To avoid this kind of bias, it is essential to keep control over decisions. AI can sort, classify or identify trends, but it is up to humans to judge, analyse and nuance. Used properly, it can also help identify training needs or better manage careers, provided, once again, that it is based on reliable and transparent data.

Marketing and sales: from data to decision-making

In sales departments, artificial intelligence applications have multiplied: market analysis, content generation, campaign automation, prospect tracking. The tool can also help adjust pricing and supply policies. Here again, everything depends on the clarity of the request. Knowing how to formulate what is expected is becoming a skill in itself, now known as “prompt engineering”, or the ability to communicate with the machine.

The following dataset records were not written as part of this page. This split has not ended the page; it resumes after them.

(* Let $G$ be a torsion-free hyperbolic group. Then every retract of $G$ is malnormal in $G$.
   Context: A subgroup $H\le G$ is a retract of $G$ if there is a homomorphism $\phi:G\to H$ with $\phi(h)=h$ for all $h\in H$. A subgroup $H\le G$ is malnormal if $H\cap gHg^{-1}=\{e\}$ for all $g\in G\setminus H$. *)

theory Defs
  imports "HOL-Algebra.Algebra" "HOL-Analysis.Analysis"
begin

definition word_length :: "('a, 'b) monoid_scheme \<Rightarrow> 'a set \<Rightarrow> 'a \<Rightarrow> nat" where
  "word_length G S g =
     (LEAST n. \<exists>ws. set ws \<subseteq> S \<union> (m_inv G ` S) \<and> length ws = n \<and>
                    foldr (\<lambda>a b. a \<otimes>\<^bsub>G\<^esub> b) ws \<one>\<^bsub>G\<^esub> = g)"

definition word_dist :: "('a, 'b) monoid_scheme \<Rightarrow> 'a set \<Rightarrow> 'a \<Rightarrow> 'a \<Rightarrow> real" where
  "word_dist G S x y = real (word_length G S (inv\<^bsub>G\<^esub> x \<otimes>\<^bsub>G\<^esub> y))"

definition gromov_product :: "('a, 'b) monoid_scheme \<Rightarrow> 'a set \<Rightarrow> 'a \<Rightarrow> 'a \<Rightarrow> 'a \<Rightarrow> real" where
  "gromov_product G S w x y =
     (word_dist G S w x + word_dist G S w y - word_dist G S x y) / 2"

definition hyperbolic_group :: "('a, 'b) monoid_scheme \<Rightarrow> bool" where
  "hyperbolic_group G \<longleftrightarrow> group G \<and>
     (\<exists>S. finite S \<and> S \<subseteq> carrier G \<and> generate G S = carrier G \<and>
       (\<exists>\<delta>::real. \<forall>w\<in>carrier G. \<forall>x\<in>carrier G. \<forall>y\<in>carrier G. \<forall>z\<in>carrier G.
          gromov_product G S w x z \<ge> min (gromov_product G S w x y) (gromov_product G S w y z) - \<delta>))"

definition torsion_free :: "('a, 'b) monoid_scheme \<Rightarrow> bool" where
  "torsion_free G \<longleftrightarrow> (\<forall>x\<in>carrier G. \<forall>n::nat. n > 0 \<and> x [^]\<^bsub>G\<^esub> n = \<one>\<^bsub>G\<^esub> \<longrightarrow> x = \<one>\<^bsub>G\<^esub>)"

definition retract :: "'a set \<Rightarrow> ('a, 'b) monoid_scheme \<Rightarrow> bool" where
  "retract H G \<longleftrightarrow> subgroup H G \<and>
     (\<exists>\<phi>. \<phi> \<in> hom G (G\<lparr>carrier := H\<rparr>) \<and> (\<forall>h\<in>H. \<phi> h = h))"

definition malnormal :: "'a set \<Rightarrow> ('a, 'b) monoid_scheme \<Rightarrow> bool" where
  "malnormal H G \<longleftrightarrow> subgroup H G \<and>
     (\<forall>g\<in>carrier G - H. H \<inter> {g \<otimes>\<^bsub>G\<^esub> h \<otimes>\<^bsub>G\<^esub> inv\<^bsub>G\<^esub> g | h. h \<in> H} = {\<one>\<^bsub>G\<^esub>})"

end

theory Submission
  imports Defs
begin

(*
  Let \<phi> be a retraction onto H, let g \<notin> H and let 1 \<noteq> h \<in> H with g h (inv g) \<in> H.
  Applying \<phi> shows that k = inv (\<phi> g) g is a nontrivial element of the kernel of \<phi> that
  commutes with h. In a hyperbolic group an element h of infinite order has a power h^m and
  a point u whose orbit u, h^m u, h^2m u, ... is a discrete local geodesic with long steps,
  hence a quasi-geodesic. An element commuting with h moves every point of this orbit by the
  same amount, so it moves points far from the ends of a long stretch close to the orbit;
  therefore every element c commuting with h satisfies inv (h^n) c h^j \<in> F for some n, j
  and one finite set F. By pigeonhole inv (h^n) k^a h^j = inv (h^n') k^b h^j' for some a \<noteq> b;
  applying \<phi>, which fixes h and kills k, and cancelling yields k^a = k^b. So k has torsion,
  contradicting torsion-freeness.
*)

lemma pigeonhole_atMost:
  assumes "f ` {..n} \<subseteq> B" "finite B" "card B \<le> n"
  obtains a b where "a \<le> n" "b \<le> n" "a \<noteq> b" "f a = f b"
proof -
  have "card (f ` {..n}) < card {..n}"
    using assms card_mono[OF assms(2,1)] by simp
  then show ?thesis
    using pigeonhole[of f "{..n}"] that unfolding inj_on_def by auto
qed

Discussions between webinar participants showed that AI is already helping to schedule LinkedIn posts, convert files, analyse customer data, and more. In short, it is becoming part of everyday life in businesses of all sizes, often without us even realising it.

Tools to master

The challenge now is to regulate their use. Behind their apparent simplicity lie numerous issues: data confidentiality, environmental impact, liability in the event of errors. ‘Start small, observe, adjust,’ recommends Bruno Schols. This is sound advice for those who want to get started without getting caught up in the hype.

AI can therefore be a powerful ally, provided it is understood. This is the whole point of the webinars offered by Beci, which aim to provide Brussels-based companies with concrete guidelines: understanding the tools, measuring their limitations, and choosing those that make sense for their business.